For its part, the World Bank reported that: “About 464 million people in (Africa) are still living in extreme poverty in 2024. The region continues to grapple with high debt distress risks, with 53% of IDA-eligible countries in the region at high risk or already in debt distress…

“The high debt burden of African governments is leading to painful trade-offs. It is curtailing the fiscal space to invest in development priorities – such as human capital, energy, and transportation – and it is raising their vulnerability to shocks – particularly for countries with access to global capital markets and other non-concessional financing sources. As a result, the risk of external debt distress in Sub-Saharan Africa remains high…

“The region’s growth performance has been inadequate to reduce extreme poverty and boost prosperity.”

In a 2020 article entitled The UN at 75 years; Africa and the strained relationship,” Professor Mark Cogan writes, inter alia, that: “Since the start, UN peacekeeping in Africa has been a miserable failure (and mentions the 1994 Rwanda genocide specifically)…

“The United Nations admits that the goal of poverty eradication isn’t close to being met, and projections suggest that over 23% of Sub-Saharan Africa’s projected 2030 population of 1.7 billion will be living in extreme poverty. In other words, of the 500 million people that will be living in extreme poverty by 2030, 479 million will be from sub-Saharan Africa

“The new Sustainable Development Goals (SDGs), which contain 17 goals with 169 targets and 232 specific indicators, also put Africa on the back foot…(Related to development finance) already, 20% of all African countries do not raise enough in revenues for essential state functions, while in Sub-Saharan Africa that rate rises to 33%.”

The 2024 Africa Sustainable Development Report issued by the UN Economic Commission for Africa and others makes this disturbing but predictable finding: “For Africa, less than 6 percent of the 32 measurable SDG targets are on track to be achieved by 2030.”

Obviously, there are more of such statistics about the challenges Africa faces we can cite. However, I believe that this is not necessary.

To close this part of my comments, I would like to quote a very interesting observation, which was made in January 2023 by Max Ajl, a post-doctoral fellow at the University of Ghent.

He made this observation in an article written in the light of the proposal made by the then chair of the G77+China, Miguel Díaz-Canel, president of the Republic of Cuba, for the resuscitation of the project for the New International Economic Order.

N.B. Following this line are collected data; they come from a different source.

text \<open>Prepending a path \<mu> with range s(x_i) to the tail x_i x_{i+1} ... gives a point of the orbit
  [x] with l_x = exp(i - |\<mu>|); distinct \<mu> give distinct points because x is not eventually
  periodic. As \<beta> < 0, each such point contributes at least exp(\<beta> i) to the \<beta>-sum, so
  E^* s(x_i) is finite. A repeated vertex s(x_i) = s(x_j) would make x_i ... x_{j-1} a cycle
  whose powers are infinitely many paths into s(x_i); and if no path into s(x_0) started at a
  source, every such path could be extended backwards, giving paths of every length.\<close>

lemma eventually_periodic_if_shift_eq:
  assumes "a < b" and "\<forall>j. x (j + a) = x (j + b)"
  shows "eventually_periodic x"
proof -
  have "x (i + (b - a)) = x i" if "a \<le> i" for i
    using that assms spec[OF assms(2), of "i - a"] by simp
  then show ?thesis
    unfolding eventually_periodic_def using assms(1) by (intro exI[of _ a] exI[of _ "b - a"]) auto
qed

lemma consistent_shift_difference_unique:
  assumes "consistent x" and "\<forall>j. y (j + m) = x (j + n)" and "\<forall>j. y (j + m') = x (j + n')"
  shows "real m - real n = real m' - real n'"
proof (rule ccontr)
  assume "real m - real n \<noteq> real m' - real n'"
  then have "n + m' < n' + m \<or> n' + m < n + m'" by linarith
  moreover have "x (j + (n + m')) = x (j + (n' + m))" for j
  proof -
    have "x (j + (n + m')) = y (j + m' + m)" using spec[OF assms(2), of "j + m'"] by (simp add: ac_simps)
    also have "\<dots> = x (j + (n' + m))" using spec[OF assms(3), of "j + m"] by (simp add: ac_simps)
    finally show ?thesis .
  qed
  ultimately have "eventually_periodic x"
    using eventually_periodic_if_shift_eq[of "n + m'" "n' + m" x]
      eventually_periodic_if_shift_eq[of "n' + m" "n + m'" x] by auto
  then show False using assms(1) unfolding consistent_def by blast
qed
(* Let $G$ be a finite block graph that is identifiable, i.e. $G$ has no pair of distinct vertices $u,v$ with $N[u]=N[v]$. Then $\gamma^{ID}(G)\leq n_Q(G)$, where $n_Q(G)$ denotes the number of maximal cliques of $G$.
   Context: A block graph is a graph in which every maximal 2-connected subgraph (block) is a clique. For a vertex $u$, $N(u)$ is its open neighborhood and $N[u]=N(u)\cup\{u\}$ its closed neighborhood. A set $C\subseteq V(G)$ is an identifying code (ID-code) if $N[u]\cap C\neq\emptyset$ for every vertex $u$ and $N[u]\cap C\neq N[v]\cap C$ for all distinct vertices $u,v$. A graph admits an ID-code iff it is identifiable (has no distinct $u,v$ with $N[u]=N[v]$). $\gamma^{ID}(G)$ is the minimum cardinality of an ID-code of $G$. $n_Q(G)$ is the number of maximal cliques of $G$. *)

theory Defs
  imports Main
begin

definition simple_graph :: "'a set \<Rightarrow> ('a \<Rightarrow> 'a \<Rightarrow> bool) \<Rightarrow> bool" where
  "simple_graph V E \<longleftrightarrow> finite V \<and> (\<forall>u v. E u v \<longrightarrow> u \<in> V \<and> v \<in> V)
     \<and> (\<forall>u v. E u v \<longrightarrow> E v u) \<and> (\<forall>u. \<not> E u u)"

definition open_nbhd :: "'a set \<Rightarrow> ('a \<Rightarrow> 'a \<Rightarrow> bool) \<Rightarrow> 'a \<Rightarrow> 'a set" where
  "open_nbhd V E u = {v \<in> V. E u v}"

definition closed_nbhd :: "'a set \<Rightarrow> ('a \<Rightarrow> 'a \<Rightarrow> bool) \<Rightarrow> 'a \<Rightarrow> 'a set" where
  "closed_nbhd V E u = insert u (open_nbhd V E u)"

text \<open>Connectivity of the subgraph induced by S (the empty set counts as connected).\<close>
definition induced_connected :: "('a \<Rightarrow> 'a \<Rightarrow> bool) \<Rightarrow> 'a set \<Rightarrow> bool" where
  "induced_connected E S \<longleftrightarrow>
     (\<forall>u\<in>S. \<forall>v\<in>S. (u, v) \<in> {(x, y). x \<in> S \<and> y \<in> S \<and> E x y}\<^sup>*)"

definition biconnected_set :: "'a set \<Rightarrow> ('a \<Rightarrow> 'a \<Rightarrow> bool) \<Rightarrow> 'a set \<Rightarrow> bool" where
  "biconnected_set V E S \<longleftrightarrow> S \<subseteq> V \<and> card S \<ge> 2 \<and> induced_connected E S
     \<and> (\<forall>x\<in>S. induced_connected E (S - {x}))"

definition is_block :: "'a set \<Rightarrow> ('a \<Rightarrow> 'a \<Rightarrow> bool) \<Rightarrow> 'a set \<Rightarrow> bool" where
  "is_block V E S \<longleftrightarrow> biconnected_set V E S
     \<and> (\<forall>T. biconnected_set V E T \<and> S \<subseteq> T \<longrightarrow> T = S)"

definition is_clique :: "'a set \<Rightarrow> ('a \<Rightarrow> 'a \<Rightarrow> bool) \<Rightarrow> 'a set \<Rightarrow> bool" where
  "is_clique V E C \<longleftrightarrow> C \<subseteq> V \<and> (\<forall>u\<in>C. \<forall>v\<in>C. u \<noteq> v \<longrightarrow> E u v)"

definition block_graph :: "'a set \<Rightarrow> ('a \<Rightarrow> 'a \<Rightarrow> bool) \<Rightarrow> bool" where
  "block_graph V E \<longleftrightarrow> simple_graph V E \<and> (\<forall>S. is_block V E S \<longrightarrow> is_clique V E S)"

definition is_maximal_clique :: "'a set \<Rightarrow> ('a \<Rightarrow> 'a \<Rightarrow> bool) \<Rightarrow> 'a set \<Rightarrow> bool" where
  "is_maximal_clique V E C \<longleftrightarrow> is_clique V E C
     \<and> (\<forall>D. is_clique V E D \<and> C \<subseteq> D \<longrightarrow> D = C)"

definition n_Q :: "'a set \<Rightarrow> ('a \<Rightarrow> 'a \<Rightarrow> bool) \<Rightarrow> nat" where
  "n_Q V E = card {C. is_maximal_clique V E C}"

definition identifiable :: "'a set \<Rightarrow> ('a \<Rightarrow> 'a \<Rightarrow> bool) \<Rightarrow> bool" where
  "identifiable V E \<longleftrightarrow>
     (\<forall>u\<in>V. \<forall>v\<in>V. u \<noteq> v \<longrightarrow> closed_nbhd V E u \<noteq> closed_nbhd V E v)"

definition is_id_code :: "'a set \<Rightarrow> ('a \<Rightarrow> 'a \<Rightarrow> bool) \<Rightarrow> 'a set \<Rightarrow> bool" where
  "is_id_code V E C \<longleftrightarrow> C \<subseteq> V
     \<and> (\<forall>u\<in>V. closed_nbhd V E u \<inter> C \<noteq> {})
     \<and> (\<forall>u\<in>V. \<forall>v\<in>V. u \<noteq> v \<longrightarrow> closed_nbhd V E u \<inter> C \<noteq> closed_nbhd V E v \<inter> C)"

text \<open>Minimum cardinality of an ID-code (meaningful when one exists).\<close>
definition gamma_ID :: "'a set \<Rightarrow> ('a \<Rightarrow> 'a \<Rightarrow> bool) \<Rightarrow> nat" where
  "gamma_ID V E = (LEAST k. \<exists>C. is_id_code V E C \<and> card C = k)"

end

theory Submission
  imports Defs
begin

text \<open>
  Call C a twin-ID-code if it dominates every vertex and separates any two vertices with
  different closed neighbourhoods. Unlike ID-codes these exist in every graph, and in an
  identifiable graph they are exactly the ID-codes. In a block graph two neighbours of a vertex
  on a common cycle are adjacent, because the cycle lies in one block, which is a clique; unlike
  being a block graph, this property passes to induced subgraphs. For graphs with this property
  a twin-ID-code with at most n_Q vertices is built by induction on the number of vertices.
  The first vertex v of a longest path has a closed twin or at most one neighbour. If v has a
  twin, a twin-ID-code of G - v is one of G. Otherwise N[v] is a maximal clique that does not
  survive in G - v, so n_Q drops, and one more vertex repairs the code: v itself, another
  neighbour of the neighbour p of v, or v together with a twin of p in G - v traded for p.
\<close>

section \<open>Closed neighbourhoods and twin-ID-codes\<close>

lemma closed_nbhd_iff: "x \<in> closed_nbhd V E u \<longleftrightarrow> x = u \<or> x \<in> V \<and> E u x"
  unfolding closed_nbhd_def open_nbhd_def by auto

lemma closed_nbhd_sym:
  "symp E \<Longrightarrow> x \<in> V \<Longrightarrow> y \<in> V \<Longrightarrow> x \<in> closed_nbhd V E y \<longleftrightarrow> y \<in> closed_nbhd V E x"
  by (auto simp: closed_nbhd_iff dest: sympD)

lemma closed_nbhd_Diff: "y \<noteq> v \<Longrightarrow> closed_nbhd (V - {v}) E y = closed_nbhd V E y - {v}"
  by (auto simp: closed_nbhd_iff)

lemma closed_nbhd_eq_if_Diff_eq:
  assumes "closed_nbhd (V - {v}) E u = closed_nbhd (V - {v}) E w"
    and "v \<in> closed_nbhd V E u \<longleftrightarrow> v \<in> closed_nbhd V E w"
    and "u \<noteq> v" "w \<noteq> v"
  shows "closed_nbhd V E u = closed_nbhd V E w"
proof (rule set_eqI)
  fix x
  show "x \<in> closed_nbhd V E u \<longleftrightarrow> x \<in> closed_nbhd V E w"
  proof (cases "x = v")
    case False
    then show ?thesis
      using assms(1) closed_nbhd_Diff[OF assms(3), of V E] closed_nbhd_Diff[OF assms(4), of V E]
      by (metis Diff_iff singletonD)
  qed (use assms(2) in simp)
qed

definition twin_id_code :: "'a set \<Rightarrow> ('a \<Rightarrow> 'a \<Rightarrow> bool) \<Rightarrow> 'a set \<Rightarrow> bool" where
  "twin_id_code V E C \<longleftrightarrow> C \<subseteq> V \<and> (\<forall>u\<in>V. closed_nbhd V E u \<inter> C \<noteq> {})
     \<and> (\<forall>u\<in>V. \<forall>w\<in>V. closed_nbhd V E u \<inter> C = closed_nbhd V E w \<inter> C
          \<longrightarrow> closed_nbhd V E u = closed_nbhd V E w)"

lemma twin_id_code_subset: "twin_id_code V E C \<Longrightarrow> C \<subseteq> V"
  by (simp add: twin_id_code_def)

lemma twin_id_code_dominating:
  "twin_id_code V E C \<Longrightarrow> u \<in> V \<Longrightarrow> closed_nbhd V E u \<inter> C \<noteq> {}"
  by (simp add: twin_id_code_def)

lemma twin_id_code_separating:
  "twin_id_code V E C \<Longrightarrow> u \<in> V \<Longrightarrow> w \<in> V \<Longrightarrow>
    closed_nbhd V E u \<inter> C = closed_nbhd V E w \<inter> C \<Longrightarrow> closed_nbhd V E u = closed_nbhd V E w"
  by (simp add: twin_id_code_def)

lemma is_id_code_if_twin_id_code:
  "identifiable V E \<Longrightarrow> twin_id_code V E C \<Longrightarrow> is_id_code V E C"
  unfolding identifiable_def twin_id_code_def is_id_code_def by blast

section \<open>Cycles in block graphs\<close>

definition graph_path :: "'a set \<Rightarrow> ('a \<Rightarrow> 'a \<Rightarrow> bool) \<Rightarrow> 'a list \<Rightarrow> bool" where
  "graph_path V E xs \<longleftrightarrow> xs \<noteq> [] \<and> distinct xs \<and> set xs \<subseteq> V \<and> successively E xs"

definition cycle_neighbours_adjacent :: "'a set \<Rightarrow> ('a \<Rightarrow> 'a \<Rightarrow> bool) \<Rightarrow> bool" where
  "cycle_neighbours_adjacent V E \<longleftrightarrow> (\<forall>v\<in>V. \<forall>xs. graph_path V E xs \<and> v \<notin> set xs
     \<and> E v (hd xs) \<and> E v (last xs) \<and> hd xs \<noteq> last xs \<longrightarrow> E (hd xs) (last xs))"

lemma cycle_neighbours_adjacentD:
  assumes "cycle_neighbours_adjacent V E" "graph_path V E xs" "v \<in> V" "v \<notin> set xs"
    "E v (hd xs)" "E v (last xs)" "hd xs \<noteq> last xs"
  shows "E (hd xs) (last xs)"
  using assms unfolding cycle_neighbours_adjacent_def by blast

lemma cycle_neighbours_adjacent_mono:
  "cycle_neighbours_adjacent V E \<Longrightarrow> W \<subseteq> V \<Longrightarrow> cycle_neighbours_adjacent W E"
  unfolding cycle_neighbours_adjacent_def graph_path_def by blast

definition induced_rel :: "('a \<Rightarrow> 'a \<Rightarrow> bool) \<Rightarrow> 'a set \<Rightarrow> ('a \<times> 'a) set" where
  "induced_rel E S = {(x, y). x \<in> S \<and> y \<in> S \<and> E x y}"

lemma path_reachable_from_hd:
  "successively E xs \<Longrightarrow> set xs \<subseteq> S \<Longrightarrow> y \<in> set xs \<Longrightarrow> (hd xs, y) \<in> (induced_rel E S)\<^sup>*"
proof (induction xs)
  case (Cons x xs)
  show ?case
  proof (cases "y = x")
    case False
    with Cons.prems have "xs \<noteq> []" by auto
    with Cons.prems have "(x, hd xs) \<in> induced_rel E S"
      by (auto simp: induced_rel_def successively_Cons)
    with False Cons show ?thesis
      by (auto simp: successively_Cons intro: converse_rtrancl_into_rtrancl)
  qed simp
qed simp

lemma induced_connected_if_reachable:
  assumes "symp E" and reach: "\<forall>u\<in>S. (c, u) \<in> (induced_rel E S)\<^sup>*"
  shows "induced_connected E S"
proof -
  have "sym ((induced_rel E S)\<^sup>*)"
    using \<open>symp E\<close> by (intro sym_rtrancl) (auto simp: sym_def induced_rel_def dest: sympD)
  then have "\<forall>u\<in>S. \<forall>w\<in>S. (u, w) \<in> (induced_rel E S)\<^sup>*"
    using reach by (meson rtrancl_trans symD)
  then show ?thesis
    by (simp add: induced_connected_def induced_rel_def)
qed

lemma induced_connected_path:
  "symp E \<Longrightarrow> successively E xs \<Longrightarrow> induced_connected E (set xs)"
  by (rule induced_connected_if_reachable[where c = "hd xs"]) (auto intro: path_reachable_from_hd)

The Max Ajl article is entitled “The NIEO in a State of Permanent Insurrection” and it states that: “In the 1970s, the countries of the South mounted a collective assault on the world economic order. They proposed, instead, a New International Economic Order (NIEO) to challenge the neocolonial system. Such a project painted the future sky with dazzling plans for prosperity, a bright variety of socialist and radical-nationalist projects to change the world…

“The strengths of this project were numerous… (However) Western states were eager to draw the South into fruitless convenings shorn of serious commitments…

“If the front was not radical enough to win, it was too radical for the imperialist powers. If national capitalisms in the periphery were not possible because of the nature of accumulation on a world scale, which demanded subordination, labour reserves, and value transfer, and relied on peripheral disarticulation for markets and commodities, it was far too radical from the perspective of northern monopoly capital. Why, after all, would northern monopoly capital accept changing terms of trade which were to its advantage? Why would it allow for draining labour reservoirs which depressed peripheral wages and were central to the systemic stability of capitalism? Why would it allow peripheral sovereign industrialization when there were so many gains to be secured from disarticulated industrialization, subcontracting, and other modes of turning southern industrialization into labour arbitrage?…”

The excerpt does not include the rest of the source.